I’m sitting in a lecture hall in Tampere, listening to a professor showing a bar chart about corruption within international sports federations. Around me, people nod in recognition. There’s talk about FIFA, the IAAF, the Olympics and their endless struggle for credibility. I’m taking diligent notes – but also waiting, just a little, for something familiar.
But the word handball never comes up.

It’s almost comical. Here, at Play the Game – the conference where the dark sides of sports are analyzed, dissected, and debated for days – there’s room for every imaginable discipline. Except the one I care about most. Sure, Professor Klaus Nielsen from Denmark and Zsolt Havran from Hungary mention handball in the context of financial collapse among handball clubs, but otherwise, there’s complete silence about handball throughout the conference.

This isn’t a criticism of the conference. Quite the opposite. It’s inspiring, well-organized, and filled with people who genuinely want to make a difference in sport. But it still says something about handball’s place in the world of sports politics – or rather, how small that place is.

Because handball has its own challenges. Governance, match-fixing, financial issues – they’re there. They’ve been there for a long time.

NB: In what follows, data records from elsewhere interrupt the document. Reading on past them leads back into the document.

lemma vertices_subset: "vertices \<subseteq> U"
  by (auto simp: vertices_def trends_def walk_def)

lemma finite_vertices: "finite vertices"
  using finite_U vertices_subset by (rule finite_subset[rotated])

lemma finite_predecessors: "finite (predecessors e)"
  using finite_vertices by (simp add: predecessors_def)

lemma finite_sinks: "finite sinks"
  using finite_vertices by (simp add: sinks_def)

lemma trends_to_snoc_iff:
  "w \<in> trends_to e \<longleftrightarrow>
    (w = [e] \<and> S e \<and> e \<in> U) \<or> (\<exists>p w'. w = w' @ [e] \<and> w' \<in> trends_to p \<and> F p e \<and> e \<in> U)"
proof (cases w rule: rev_cases)
  case (snoc w' x)
  then show ?thesis
    by (cases "w' = []") (auto simp: trends_to_def walk_append_iff)
qed (simp add: trends_to_def walk_def)

text \<open>A partial trend ending at \<open>p\<close> can be spliced with the suffix of any trend through \<open>e\<close>,
  so the GRETA edges into a vertex are determined by \<open>F\<close> alone.\<close>

lemma predecessors_iff:
  assumes "e \<in> vertices"
  shows "p \<in> predecessors e \<longleftrightarrow> F p e \<and> trends_to p \<noteq> {}"
proof
  assume "p \<in> predecessors e"
  then obtain x y where t: "x @ p # e # y \<in> trends"
    by (auto simp: predecessors_def edges_iff)
  then have "walk ((x @ [p]) @ (e # y))" by (simp add: trends_def)
  then have "F p e" "walk (x @ [p])" using walk_append_iff[of "x @ [p]" "e # y"] by simp_all
  with t have "x @ [p] \<in> trends_to p" by (cases x) (auto simp: trends_def trends_to_def)
  with \<open>F p e\<close> show "F p e \<and> trends_to p \<noteq> {}" by blast
next
  assume "F p e \<and> trends_to p \<noteq> {}"
  then obtain w where "F p e" "w \<in> trends_to p" by blast
  from assms obtain x y where "x @ e # y \<in> trends" by (auto simp: vertices_iff)
  then have "walk (x @ e # y)" "T (last (e # y))" by (simp_all add: trends_def)
  then have "walk (e # y)" by (blast intro: walk_append_suffix)
  have "w = butlast w @ [p]" "w \<noteq> []" using \<open>w \<in> trends_to p\<close> by (auto simp: trends_to_def walk_def)
  moreover have "w @ e # y \<in> trends"
    using \<open>w \<in> trends_to p\<close> \<open>w \<noteq> []\<close> \<open>F p e\<close> \<open>walk (e # y)\<close> \<open>T (last (e # y))\<close>
    by (auto simp: trends_def trends_to_def walk_append_iff[of w "e # y"])
  ultimately have "butlast w @ p # e # y \<in> trends" by (metis append.assoc append_Cons append_Nil)
  then show "p \<in> predecessors e"
    by (auto simp: predecessors_def edges_iff vertices_iff)
qed

lemma trends_to_nonempty: "e \<in> vertices \<Longrightarrow> trends_to e \<noteq> {}"
proof -
  assume "e \<in> vertices"
  then obtain x y where t: "x @ e # y \<in> trends" by (auto simp: vertices_iff)
  then have "walk ((x @ [e]) @ y)" by (simp add: trends_def)
  then have "walk (x @ [e])" by (rule walk_append_prefix) simp
  with t have "x @ [e] \<in> trends_to e" by (cases x) (auto simp: trends_def trends_to_def)
  then show ?thesis by blast
qed

lemma trends_to_rec:
  assumes "e \<in> vertices"
  shows "trends_to e =
    (if S e then {[e]} else {}) \<union> (\<Union>p \<in> predecessors e. (\<lambda>w. w @ [e]) ` trends_to p)"
proof (rule set_eqI)
  fix w
  have "e \<in> U" using assms vertices_subset by blast
  then have "w \<in> trends_to e \<longleftrightarrow>
      (w = [e] \<and> S e) \<or> (\<exists>p \<in> predecessors e. \<exists>w' \<in> trends_to p. w = w' @ [e])"
    unfolding trends_to_snoc_iff[of w e] using predecessors_iff[OF assms] by blast
  then show "w \<in> trends_to e \<longleftrightarrow>
      w \<in> (if S e then {[e]} else {}) \<union> (\<Union>p \<in> predecessors e. (\<lambda>w. w @ [e]) ` trends_to p)"
    by auto
qed

lemma predecessors_subset: "predecessors e \<subseteq> vertices"
  by (auto simp: predecessors_def)

lemma vertices_induct [consumes 1, case_names step]:
  assumes "e \<in> vertices"
    and step: "\<And>e. e \<in> vertices \<Longrightarrow> (\<And>p. p \<in> predecessors e \<Longrightarrow> Q p) \<Longrightarrow> Q e"
  shows "Q e"
  using assms(1)
proof (induction "card {x \<in> U. rank x < rank e}" arbitrary: e rule: less_induct)
  case less
  show ?case
  proof (rule step[OF less.prems])
    fix p assume p: "p \<in> predecessors e"
    then have "rank p < rank e" using F_rank predecessors_iff[OF less.prems] by blast
    moreover have "p \<in> U" using p predecessors_subset vertices_subset by blast
    ultimately have "{x \<in> U. rank x < rank p} \<subset> {x \<in> U. rank x < rank e}" by auto
    then have "card {x \<in> U. rank x < rank p} < card {x \<in> U. rank x < rank e}"
      using finite_U by (intro psubset_card_mono) auto
    with p predecessors_subset show "Q p" using less.hyps by blast
  qed
qed

lemma sum_trends_to_rec:
  assumes "e \<in> vertices"
  shows "(\<Sum>w \<in> trends_to e. f w)
    = (if S e then f [e] else 0) + (\<Sum>p \<in> predecessors e. \<Sum>w \<in> trends_to p. f (w @ [e]))"
proof -
  let ?ext = "\<lambda>p. (\<lambda>w. w @ [e]) ` trends_to p"
  have "(\<Sum>w \<in> trends_to e. f w)
      = (\<Sum>w \<in> (if S e then {[e]} else {}). f w) + (\<Sum>w \<in> (\<Union>p \<in> predecessors e. ?ext p). f w)"
    unfolding trends_to_rec[OF assms]
    by (rule sum.union_disjoint)
       (simp_all add: finite_predecessors finite_trends_to, auto simp: trends_to_def)
  also have "(\<Sum>w \<in> (\<Union>p \<in> predecessors e. ?ext p). f w) = (\<Sum>p \<in> predecessors e. \<Sum>w \<in> ?ext p. f w)"
    by (rule sum.UNION_disjoint)
       (simp_all add: finite_predecessors finite_trends_to, auto simp: trends_to_def)
  also have "\<dots> = (\<Sum>p \<in> predecessors e. \<Sum>w \<in> trends_to p. f (w @ [e]))"
    by (intro sum.cong refl sum.reindex_cong[where l = "\<lambda>w. w @ [e]"]) (auto intro: inj_onI)
  finally show ?thesis by simp
qed

lemma trends_eq_UN_sinks: "trends = (\<Union>e \<in> sinks. trends_to e)"
  by (fastforce simp: trends_def trends_to_def sinks_def vertices_def walk_def)

lemma sum_trends: "(\<Sum>t \<in> trends. f t) = (\<Sum>e \<in> sinks. \<Sum>w \<in> trends_to e. f w)"
  unfolding trends_eq_UN_sinks
  by (rule sum.UNION_disjoint)
     (simp_all add: finite_sinks finite_trends_to, auto simp: trends_to_def)

lemma card_trends_to:
  assumes cnt: "\<forall>e \<in> vertices. cnt e = (if S e then 1 else 0) + (\<Sum>p \<in> predecessors e. cnt p)"
    and "e \<in> vertices"
  shows "cnt e = card (trends_to e)"
  using \<open>e \<in> vertices\<close>
proof (induction rule: vertices_induct)
  case (step e)
  have "card (trends_to e) = (if S e then 1 else 0) + (\<Sum>p \<in> predecessors e. card (trends_to p))"
    using sum_trends_to_rec[OF step.hyps, of "\<lambda>_. 1 :: nat"] by simp
  also have "\<dots> = cnt e" using cnt step by (simp cong: sum.cong)
  finally show ?case by simp
qed
(* Let $(X,G)$ be a symmetric $G$-metric space and let $T:X\to X$. Suppose that $X$ is $T$-orbitally complete, that $T$ is orbitally continuous and injective, and that there exist a real number $q<1$ and a non-negative real-valued function $a:X\times X\times X\to[0,\infty)$ such that for all $x,y,z\in X$ with $x\neq y$, \[ G(Tx,Ty,Tz) < q\cdot \max\Big\{ G(x,y,z),\ a(x,y,z)\,G(Tx,y,z)\,G(x,Ty,z)\,G(x,y,Tz),\ [G(x,y,z)\,G(Tx,Ty,Tz)]^{-1}G(x,Tx,Tx)\,G(y,Ty,Ty)\,G(z,Tz,Tz) \Big\}. \] Then for each $x\in X$ the sequence $(T^nx)$ $G$-converges to some $u_x\in X$ and $Tu_x=u_x$. If in addition $a(x,y,z)\leq [G(x,y,z)G(Tx,Ty,Tz)]^{-1}$ (for all $x,y,z\in X$ with $x\ne y$), then $T$ has a unique fixed point.
   Context: A $G$-metric space is a nonempty set $X$ with a function $G:X\times X\times X\to[0,\infty)$ such that: (G1) $G(x,y,z)=0$ if $x=y=z$; (G2) $G(x,x,y)>0$ whenever $x\neq y$; (G3) $G(x,x,y)\le G(x,y,z)$ whenever $z\neq y$; (G4) $G$ is symmetric in all three variables; (G5) $G(x,y,z)\le G(x,a,a)+G(a,y,z)$ for all $x,y,z,a\in X$. It is symmetric if $G(x,y,y)=G(x,x,y)$ for all $x,y$. A sequence $(x_n)$ $G$-converges to $x$ if $G(x,x_n,x_m)\to 0$ as $n,m\to\infty$ (equivalently $G(x_n,x,x)\to0$); it is $G$-Cauchy if for every $\varepsilon>0$ there is $N$ with $G(x_n,x_m,x_m)<\varepsilon$ for all $n,m\ge N$. For $a\in X$ let $I(a,T)=\{a,Ta,T^2a,\dots\}$. $T$ is orbitally continuous if whenever $T^{n_i}x\to x^*$ ($G$-convergence) for some $x$ and some increasing sequence $(n_i)$, then $TT^{n_i}x\to Tx^*$. $X$ is $T$-orbitally complete if for every $a\in X$, every $G$-Cauchy sequence contained in $I(a,T)$ $G$-converges in $X$. *)

theory Defs
  imports Complex_Main
begin

definition G_metric :: "('a \<Rightarrow> 'a \<Rightarrow> 'a \<Rightarrow> real) \<Rightarrow> bool" where
  "G_metric G \<longleftrightarrow>
     (\<forall>x y z. G x y z \<ge> 0) \<and>
     (\<forall>x. G x x x = 0) \<and>
     (\<forall>x y. x \<noteq> y \<longrightarrow> G x x y > 0) \<and>
     (\<forall>x y z. z \<noteq> y \<longrightarrow> G x x y \<le> G x y z) \<and>
     (\<forall>x y z. G x y z = G x z y \<and> G x y z = G y x z \<and> G x y z = G y z x
              \<and> G x y z = G z x y \<and> G x y z = G z y x) \<and>
     (\<forall>x y z a. G x y z \<le> G x a a + G a y z)"

definition G_symmetric :: "('a \<Rightarrow> 'a \<Rightarrow> 'a \<Rightarrow> real) \<Rightarrow> bool" where
  "G_symmetric G \<longleftrightarrow> (\<forall>x y. G x y y = G x x y)"

definition G_converges :: "('a \<Rightarrow> 'a \<Rightarrow> 'a \<Rightarrow> real) \<Rightarrow> (nat \<Rightarrow> 'a) \<Rightarrow> 'a \<Rightarrow> bool" where
  "G_converges G s x \<longleftrightarrow>
     (\<forall>\<epsilon>>0. \<exists>N. \<forall>n m. N \<le> n \<longrightarrow> N \<le> m \<longrightarrow> G x (s n) (s m) < \<epsilon>)"

definition G_Cauchy :: "('a \<Rightarrow> 'a \<Rightarrow> 'a \<Rightarrow> real) \<Rightarrow> (nat \<Rightarrow> 'a) \<Rightarrow> bool" where
  "G_Cauchy G s \<longleftrightarrow>
     (\<forall>\<epsilon>>0. \<exists>N. \<forall>n m. N \<le> n \<longrightarrow> N \<le> m \<longrightarrow> G (s n) (s m) (s m) < \<epsilon>)"

definition orbit :: "('a \<Rightarrow> 'a) \<Rightarrow> 'a \<Rightarrow> 'a set" where
  "orbit T a = {(T ^^ n) a | n. True}"

definition orbitally_continuous :: "('a \<Rightarrow> 'a \<Rightarrow> 'a \<Rightarrow> real) \<Rightarrow> ('a \<Rightarrow> 'a) \<Rightarrow> bool" where
  "orbitally_continuous G T \<longleftrightarrow>
     (\<forall>x xs (n :: nat \<Rightarrow> nat). strict_mono n \<longrightarrow>
        G_converges G (\<lambda>i. (T ^^ n i) x) xs \<longrightarrow>
        G_converges G (\<lambda>i. T ((T ^^ n i) x)) (T xs))"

The only difference is that we rarely talk about them. In football, the problems are global. In handball, they become… local. Almost private. As if we’d rather keep them within the family.
Why is that?

Criticism easily becomes personal

We have the same structures, the same risks, sometimes even the same patterns. But while football gets headlines, reports, and debate shows, handball is content to look the other way. Maybe it’s about size. Maybe it’s about culture. Or maybe it’s because, in handball, we still like to think of ourselves as a sport where “everyone knows everyone” – and where criticism, therefore, easily becomes personal.

I’m here thanks to a grant from the Swedish Sports Journalists’ Association, and I’m very grateful for that. Since it’s my first time, I’m here as a participant, not a speaker. I listen, reflect, and, when there’s an opportunity, ask questions. And somewhere between all the lectures about FIFA and the IOC, I start to think that handball should be part of this conversation.

Because even if the sport is smaller, it doesn’t mean it matters less. We have a lot to gain by daring to talk about our own problems – before someone else does it for us.

Next year, I hope to be back at Play the Game. And maybe – if someone gives me ten minutes and a microphone – to talk a little about handball’s role in the political world of sport. Or at least remind people that handball faces enormous challenges.